» **Provided data**
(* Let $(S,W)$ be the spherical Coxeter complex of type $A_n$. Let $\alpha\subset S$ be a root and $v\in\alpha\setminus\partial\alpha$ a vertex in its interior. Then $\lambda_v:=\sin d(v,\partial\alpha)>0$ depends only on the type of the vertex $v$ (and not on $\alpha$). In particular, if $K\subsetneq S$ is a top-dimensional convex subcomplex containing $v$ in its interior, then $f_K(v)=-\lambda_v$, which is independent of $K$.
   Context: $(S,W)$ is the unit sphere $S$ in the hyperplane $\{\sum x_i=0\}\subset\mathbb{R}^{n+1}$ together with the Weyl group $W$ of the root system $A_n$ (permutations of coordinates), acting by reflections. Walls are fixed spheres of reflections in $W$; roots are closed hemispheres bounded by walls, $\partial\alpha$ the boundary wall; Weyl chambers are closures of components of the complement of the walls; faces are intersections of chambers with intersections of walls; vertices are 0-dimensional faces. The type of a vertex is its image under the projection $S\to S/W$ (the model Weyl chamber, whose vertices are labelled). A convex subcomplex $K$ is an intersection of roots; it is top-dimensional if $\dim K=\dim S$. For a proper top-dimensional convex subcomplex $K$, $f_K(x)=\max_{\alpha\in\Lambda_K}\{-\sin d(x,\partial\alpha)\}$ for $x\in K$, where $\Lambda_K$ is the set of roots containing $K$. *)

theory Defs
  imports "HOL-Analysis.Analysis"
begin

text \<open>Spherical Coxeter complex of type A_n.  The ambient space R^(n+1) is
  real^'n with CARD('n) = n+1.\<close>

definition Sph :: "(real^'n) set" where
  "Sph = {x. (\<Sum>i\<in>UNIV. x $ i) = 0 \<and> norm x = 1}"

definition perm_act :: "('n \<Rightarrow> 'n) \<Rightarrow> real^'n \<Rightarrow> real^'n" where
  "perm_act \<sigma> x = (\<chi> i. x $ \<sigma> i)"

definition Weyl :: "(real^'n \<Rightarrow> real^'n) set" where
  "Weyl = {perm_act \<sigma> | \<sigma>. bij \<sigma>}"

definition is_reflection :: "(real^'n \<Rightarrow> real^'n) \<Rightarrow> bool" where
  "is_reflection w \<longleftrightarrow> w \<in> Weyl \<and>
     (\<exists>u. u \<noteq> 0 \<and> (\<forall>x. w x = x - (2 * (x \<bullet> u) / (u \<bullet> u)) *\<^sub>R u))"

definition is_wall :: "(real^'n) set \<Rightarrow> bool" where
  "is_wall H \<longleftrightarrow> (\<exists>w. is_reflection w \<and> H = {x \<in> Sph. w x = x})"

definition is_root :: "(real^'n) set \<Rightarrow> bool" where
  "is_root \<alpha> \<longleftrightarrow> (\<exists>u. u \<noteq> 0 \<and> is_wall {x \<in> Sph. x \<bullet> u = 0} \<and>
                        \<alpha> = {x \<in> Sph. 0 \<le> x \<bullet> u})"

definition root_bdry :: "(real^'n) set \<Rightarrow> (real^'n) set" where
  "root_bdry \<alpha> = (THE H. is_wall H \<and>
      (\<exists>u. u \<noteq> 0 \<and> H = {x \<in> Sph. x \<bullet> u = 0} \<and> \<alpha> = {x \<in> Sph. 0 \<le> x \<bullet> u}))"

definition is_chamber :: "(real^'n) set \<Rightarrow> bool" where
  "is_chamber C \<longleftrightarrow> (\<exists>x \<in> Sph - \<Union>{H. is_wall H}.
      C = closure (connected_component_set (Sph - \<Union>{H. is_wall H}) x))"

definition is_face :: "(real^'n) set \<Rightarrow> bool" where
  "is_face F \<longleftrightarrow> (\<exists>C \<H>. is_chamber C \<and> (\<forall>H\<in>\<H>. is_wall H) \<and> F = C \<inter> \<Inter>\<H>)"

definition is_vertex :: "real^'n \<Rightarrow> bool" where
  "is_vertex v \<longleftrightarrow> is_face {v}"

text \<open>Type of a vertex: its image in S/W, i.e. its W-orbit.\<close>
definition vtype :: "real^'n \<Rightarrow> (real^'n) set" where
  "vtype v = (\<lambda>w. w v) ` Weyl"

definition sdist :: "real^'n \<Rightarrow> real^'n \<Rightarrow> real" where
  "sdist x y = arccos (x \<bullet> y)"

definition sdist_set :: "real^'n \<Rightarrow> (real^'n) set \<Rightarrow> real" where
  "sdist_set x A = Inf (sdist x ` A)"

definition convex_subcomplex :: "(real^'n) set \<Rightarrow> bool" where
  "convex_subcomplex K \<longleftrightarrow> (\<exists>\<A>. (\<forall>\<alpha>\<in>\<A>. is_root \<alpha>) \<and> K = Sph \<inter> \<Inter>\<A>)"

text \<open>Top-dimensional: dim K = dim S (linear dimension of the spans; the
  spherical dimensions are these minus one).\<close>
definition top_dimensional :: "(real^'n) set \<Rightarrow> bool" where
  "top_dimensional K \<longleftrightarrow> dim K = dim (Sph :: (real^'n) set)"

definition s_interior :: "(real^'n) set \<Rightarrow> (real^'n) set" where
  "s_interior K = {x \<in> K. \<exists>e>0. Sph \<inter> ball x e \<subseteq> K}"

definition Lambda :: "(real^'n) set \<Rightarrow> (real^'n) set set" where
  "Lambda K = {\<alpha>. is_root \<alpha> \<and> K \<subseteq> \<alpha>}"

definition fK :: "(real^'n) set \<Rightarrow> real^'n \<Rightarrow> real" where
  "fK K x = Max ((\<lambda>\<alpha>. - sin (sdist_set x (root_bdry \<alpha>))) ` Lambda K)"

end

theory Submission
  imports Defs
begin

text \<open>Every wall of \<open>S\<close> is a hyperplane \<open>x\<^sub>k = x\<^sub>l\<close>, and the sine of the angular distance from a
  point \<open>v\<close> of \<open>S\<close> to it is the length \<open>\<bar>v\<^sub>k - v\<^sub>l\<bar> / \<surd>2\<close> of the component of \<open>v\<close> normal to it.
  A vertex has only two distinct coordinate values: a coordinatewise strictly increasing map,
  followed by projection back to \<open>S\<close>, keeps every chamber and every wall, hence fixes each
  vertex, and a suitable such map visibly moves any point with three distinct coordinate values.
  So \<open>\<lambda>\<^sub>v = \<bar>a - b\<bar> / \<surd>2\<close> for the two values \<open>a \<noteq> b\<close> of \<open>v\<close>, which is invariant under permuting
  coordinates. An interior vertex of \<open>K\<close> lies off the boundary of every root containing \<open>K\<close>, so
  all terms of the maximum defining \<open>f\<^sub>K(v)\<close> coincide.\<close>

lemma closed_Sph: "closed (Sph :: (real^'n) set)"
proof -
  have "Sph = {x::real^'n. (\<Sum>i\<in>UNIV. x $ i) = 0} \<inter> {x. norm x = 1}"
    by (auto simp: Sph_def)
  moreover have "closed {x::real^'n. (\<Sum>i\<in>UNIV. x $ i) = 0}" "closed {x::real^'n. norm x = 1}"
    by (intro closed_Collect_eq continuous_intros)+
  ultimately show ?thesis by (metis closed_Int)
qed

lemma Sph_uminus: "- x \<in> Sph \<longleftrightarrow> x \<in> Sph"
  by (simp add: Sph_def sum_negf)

==

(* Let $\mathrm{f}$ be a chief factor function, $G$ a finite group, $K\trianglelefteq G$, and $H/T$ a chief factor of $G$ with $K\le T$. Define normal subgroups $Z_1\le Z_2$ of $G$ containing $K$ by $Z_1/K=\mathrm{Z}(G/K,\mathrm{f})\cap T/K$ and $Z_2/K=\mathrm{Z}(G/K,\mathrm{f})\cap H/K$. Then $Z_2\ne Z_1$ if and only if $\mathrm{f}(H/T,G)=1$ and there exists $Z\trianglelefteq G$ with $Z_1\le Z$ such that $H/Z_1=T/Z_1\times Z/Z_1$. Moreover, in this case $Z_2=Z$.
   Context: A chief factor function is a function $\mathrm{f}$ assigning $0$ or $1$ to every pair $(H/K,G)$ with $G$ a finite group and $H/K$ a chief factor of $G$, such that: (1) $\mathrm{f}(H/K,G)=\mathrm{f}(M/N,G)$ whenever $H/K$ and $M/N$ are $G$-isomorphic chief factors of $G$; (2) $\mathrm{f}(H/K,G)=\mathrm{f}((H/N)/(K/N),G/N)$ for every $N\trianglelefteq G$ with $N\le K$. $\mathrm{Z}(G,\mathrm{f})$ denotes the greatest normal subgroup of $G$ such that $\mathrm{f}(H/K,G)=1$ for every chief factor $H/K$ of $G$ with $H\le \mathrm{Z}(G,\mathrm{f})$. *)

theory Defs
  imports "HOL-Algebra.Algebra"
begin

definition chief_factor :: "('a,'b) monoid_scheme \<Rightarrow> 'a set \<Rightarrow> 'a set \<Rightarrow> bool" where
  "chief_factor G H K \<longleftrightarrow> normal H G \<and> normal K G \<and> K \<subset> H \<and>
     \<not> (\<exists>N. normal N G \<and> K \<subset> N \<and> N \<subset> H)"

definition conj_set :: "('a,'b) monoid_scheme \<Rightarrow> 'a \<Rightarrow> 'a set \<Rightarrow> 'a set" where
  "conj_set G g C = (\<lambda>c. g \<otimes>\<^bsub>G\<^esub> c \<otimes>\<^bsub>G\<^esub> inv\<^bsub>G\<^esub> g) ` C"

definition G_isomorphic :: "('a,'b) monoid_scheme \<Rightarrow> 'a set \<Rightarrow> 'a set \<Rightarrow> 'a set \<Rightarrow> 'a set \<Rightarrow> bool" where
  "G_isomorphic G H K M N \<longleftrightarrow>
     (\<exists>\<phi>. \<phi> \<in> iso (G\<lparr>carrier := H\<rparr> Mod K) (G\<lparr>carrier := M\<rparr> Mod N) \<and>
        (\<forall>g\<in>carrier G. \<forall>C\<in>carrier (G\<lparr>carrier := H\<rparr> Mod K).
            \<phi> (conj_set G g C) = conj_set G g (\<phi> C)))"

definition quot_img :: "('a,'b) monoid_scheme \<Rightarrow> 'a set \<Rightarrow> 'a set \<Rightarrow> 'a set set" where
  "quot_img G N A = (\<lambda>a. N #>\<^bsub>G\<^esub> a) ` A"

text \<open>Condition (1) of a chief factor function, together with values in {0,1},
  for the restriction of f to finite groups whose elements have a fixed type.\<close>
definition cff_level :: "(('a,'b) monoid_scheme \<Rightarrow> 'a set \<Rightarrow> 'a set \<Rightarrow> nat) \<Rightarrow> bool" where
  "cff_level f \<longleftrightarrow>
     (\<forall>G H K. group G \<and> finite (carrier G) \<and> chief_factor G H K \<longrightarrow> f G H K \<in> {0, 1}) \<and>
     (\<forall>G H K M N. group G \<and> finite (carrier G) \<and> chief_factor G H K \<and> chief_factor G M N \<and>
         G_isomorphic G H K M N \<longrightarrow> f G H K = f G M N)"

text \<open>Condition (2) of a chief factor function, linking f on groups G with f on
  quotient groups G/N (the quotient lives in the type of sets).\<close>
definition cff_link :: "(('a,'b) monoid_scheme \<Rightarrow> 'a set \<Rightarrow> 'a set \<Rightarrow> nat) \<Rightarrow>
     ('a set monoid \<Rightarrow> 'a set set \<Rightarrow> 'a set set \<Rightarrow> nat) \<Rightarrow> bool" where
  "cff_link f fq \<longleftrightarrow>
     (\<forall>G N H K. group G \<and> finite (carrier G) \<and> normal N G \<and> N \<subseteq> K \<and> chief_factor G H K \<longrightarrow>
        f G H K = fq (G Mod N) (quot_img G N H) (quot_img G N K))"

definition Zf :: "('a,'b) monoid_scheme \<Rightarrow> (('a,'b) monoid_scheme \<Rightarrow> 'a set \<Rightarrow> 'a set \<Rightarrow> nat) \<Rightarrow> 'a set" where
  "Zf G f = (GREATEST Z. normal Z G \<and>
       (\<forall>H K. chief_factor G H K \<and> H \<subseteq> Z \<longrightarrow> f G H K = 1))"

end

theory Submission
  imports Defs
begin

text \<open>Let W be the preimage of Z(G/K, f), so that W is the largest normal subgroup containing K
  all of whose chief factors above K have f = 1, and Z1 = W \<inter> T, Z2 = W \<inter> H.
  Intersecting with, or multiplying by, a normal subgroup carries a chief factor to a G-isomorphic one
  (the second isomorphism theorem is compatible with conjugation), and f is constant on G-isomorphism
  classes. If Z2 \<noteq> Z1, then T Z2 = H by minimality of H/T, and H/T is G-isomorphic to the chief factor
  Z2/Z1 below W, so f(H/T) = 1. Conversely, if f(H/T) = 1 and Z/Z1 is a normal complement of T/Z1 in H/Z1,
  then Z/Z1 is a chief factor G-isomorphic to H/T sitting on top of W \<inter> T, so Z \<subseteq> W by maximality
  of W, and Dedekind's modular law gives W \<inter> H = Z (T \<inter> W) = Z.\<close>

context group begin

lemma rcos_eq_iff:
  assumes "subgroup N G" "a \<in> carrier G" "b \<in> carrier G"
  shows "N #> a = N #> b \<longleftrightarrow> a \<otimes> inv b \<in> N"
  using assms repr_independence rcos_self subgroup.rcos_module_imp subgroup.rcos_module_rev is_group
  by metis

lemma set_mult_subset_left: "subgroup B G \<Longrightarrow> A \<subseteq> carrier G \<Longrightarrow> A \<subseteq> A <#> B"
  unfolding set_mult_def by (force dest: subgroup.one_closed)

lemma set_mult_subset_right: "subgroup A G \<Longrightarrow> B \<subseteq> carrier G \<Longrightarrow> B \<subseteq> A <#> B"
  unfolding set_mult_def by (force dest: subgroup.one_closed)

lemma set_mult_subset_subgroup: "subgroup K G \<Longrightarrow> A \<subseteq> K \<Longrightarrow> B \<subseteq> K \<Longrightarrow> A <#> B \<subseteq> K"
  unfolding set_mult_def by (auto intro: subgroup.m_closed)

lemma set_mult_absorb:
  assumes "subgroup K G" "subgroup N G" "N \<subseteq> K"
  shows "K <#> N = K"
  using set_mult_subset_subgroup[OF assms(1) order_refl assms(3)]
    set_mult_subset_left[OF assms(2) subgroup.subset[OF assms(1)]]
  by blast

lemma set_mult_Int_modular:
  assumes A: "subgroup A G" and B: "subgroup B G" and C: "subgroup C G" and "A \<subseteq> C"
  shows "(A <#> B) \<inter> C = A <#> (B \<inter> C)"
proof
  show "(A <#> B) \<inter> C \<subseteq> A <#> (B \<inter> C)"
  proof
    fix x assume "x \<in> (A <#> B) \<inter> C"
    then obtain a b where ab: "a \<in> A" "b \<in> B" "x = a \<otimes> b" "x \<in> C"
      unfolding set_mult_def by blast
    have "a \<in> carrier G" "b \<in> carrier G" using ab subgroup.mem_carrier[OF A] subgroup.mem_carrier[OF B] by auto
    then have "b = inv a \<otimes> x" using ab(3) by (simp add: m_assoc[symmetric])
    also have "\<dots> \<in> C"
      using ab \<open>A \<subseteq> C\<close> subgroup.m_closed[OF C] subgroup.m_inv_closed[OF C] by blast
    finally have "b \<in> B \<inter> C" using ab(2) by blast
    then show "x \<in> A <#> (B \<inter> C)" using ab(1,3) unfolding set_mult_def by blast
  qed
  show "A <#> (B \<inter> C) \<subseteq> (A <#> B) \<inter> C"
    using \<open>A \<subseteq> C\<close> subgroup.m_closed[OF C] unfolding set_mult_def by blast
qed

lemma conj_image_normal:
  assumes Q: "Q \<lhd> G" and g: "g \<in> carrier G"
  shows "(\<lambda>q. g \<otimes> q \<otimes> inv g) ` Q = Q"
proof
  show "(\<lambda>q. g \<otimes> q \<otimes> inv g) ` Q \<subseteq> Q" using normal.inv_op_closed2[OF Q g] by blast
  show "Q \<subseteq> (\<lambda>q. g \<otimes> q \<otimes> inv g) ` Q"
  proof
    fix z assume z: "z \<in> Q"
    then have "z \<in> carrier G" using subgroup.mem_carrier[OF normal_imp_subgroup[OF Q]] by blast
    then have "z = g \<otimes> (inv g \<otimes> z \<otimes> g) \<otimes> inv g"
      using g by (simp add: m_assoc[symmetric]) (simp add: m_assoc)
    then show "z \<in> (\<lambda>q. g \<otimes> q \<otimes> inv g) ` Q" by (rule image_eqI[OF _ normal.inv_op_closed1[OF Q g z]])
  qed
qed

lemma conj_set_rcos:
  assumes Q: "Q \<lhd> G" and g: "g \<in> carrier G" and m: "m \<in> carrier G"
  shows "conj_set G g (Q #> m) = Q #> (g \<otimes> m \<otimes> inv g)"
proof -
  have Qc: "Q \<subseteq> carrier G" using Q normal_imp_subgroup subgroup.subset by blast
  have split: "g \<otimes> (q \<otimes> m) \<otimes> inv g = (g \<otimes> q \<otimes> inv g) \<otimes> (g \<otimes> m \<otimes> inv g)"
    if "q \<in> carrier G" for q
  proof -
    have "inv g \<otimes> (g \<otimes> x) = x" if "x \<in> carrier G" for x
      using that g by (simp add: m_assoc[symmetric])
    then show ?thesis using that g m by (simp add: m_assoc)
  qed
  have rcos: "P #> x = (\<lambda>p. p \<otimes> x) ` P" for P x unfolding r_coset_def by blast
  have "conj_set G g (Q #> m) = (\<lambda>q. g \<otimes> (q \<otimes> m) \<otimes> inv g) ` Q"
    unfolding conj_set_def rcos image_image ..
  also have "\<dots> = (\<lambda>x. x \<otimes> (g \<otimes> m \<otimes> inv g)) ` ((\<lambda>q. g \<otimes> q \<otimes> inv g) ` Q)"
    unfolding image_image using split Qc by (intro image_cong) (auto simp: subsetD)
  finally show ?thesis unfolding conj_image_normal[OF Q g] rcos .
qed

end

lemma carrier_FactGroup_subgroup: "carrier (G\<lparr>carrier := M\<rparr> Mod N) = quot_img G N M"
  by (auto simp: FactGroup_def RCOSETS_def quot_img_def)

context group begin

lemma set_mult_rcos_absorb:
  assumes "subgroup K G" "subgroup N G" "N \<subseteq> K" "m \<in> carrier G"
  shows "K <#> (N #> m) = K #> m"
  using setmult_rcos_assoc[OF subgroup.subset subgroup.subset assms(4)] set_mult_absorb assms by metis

* * *

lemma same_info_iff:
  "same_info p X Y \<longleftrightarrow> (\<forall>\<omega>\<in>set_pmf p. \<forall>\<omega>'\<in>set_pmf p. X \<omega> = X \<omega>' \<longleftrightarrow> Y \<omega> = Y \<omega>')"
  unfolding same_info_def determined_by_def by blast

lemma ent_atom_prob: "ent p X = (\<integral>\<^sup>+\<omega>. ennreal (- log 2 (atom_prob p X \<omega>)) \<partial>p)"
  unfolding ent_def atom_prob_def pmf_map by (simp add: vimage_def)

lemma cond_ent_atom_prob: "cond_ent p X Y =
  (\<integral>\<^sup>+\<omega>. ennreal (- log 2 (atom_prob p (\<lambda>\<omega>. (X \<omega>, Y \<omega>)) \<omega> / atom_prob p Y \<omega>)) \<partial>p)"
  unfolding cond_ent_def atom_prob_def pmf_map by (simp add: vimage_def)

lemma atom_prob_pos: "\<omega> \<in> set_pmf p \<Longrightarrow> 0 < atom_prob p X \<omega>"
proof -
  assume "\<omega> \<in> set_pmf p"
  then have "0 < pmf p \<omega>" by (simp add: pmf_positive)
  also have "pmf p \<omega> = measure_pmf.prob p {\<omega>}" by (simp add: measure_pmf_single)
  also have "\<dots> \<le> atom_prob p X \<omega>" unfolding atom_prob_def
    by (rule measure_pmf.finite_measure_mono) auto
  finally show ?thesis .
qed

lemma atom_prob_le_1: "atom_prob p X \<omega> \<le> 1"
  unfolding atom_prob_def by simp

» **Task statement**
Retype exactly the lines above, from the one with "monoid_scheme \<Rightarrow> 'a \<Rightarrow>" through the one with "C = (\<lambda>c.", inclusive.

» **Solved exercise**
definition conj_set :: "('a,'b) monoid_scheme \<Rightarrow> 'a \<Rightarrow> 'a set \<Rightarrow> 'a set" where
  "conj_set G g C = (\<lambda>c. g \<otimes>\<^bsub>G\<^esub> c \<otimes>\<^bsub>G\<^esub> inv\<^bsub>G\<^esub> g) ` C"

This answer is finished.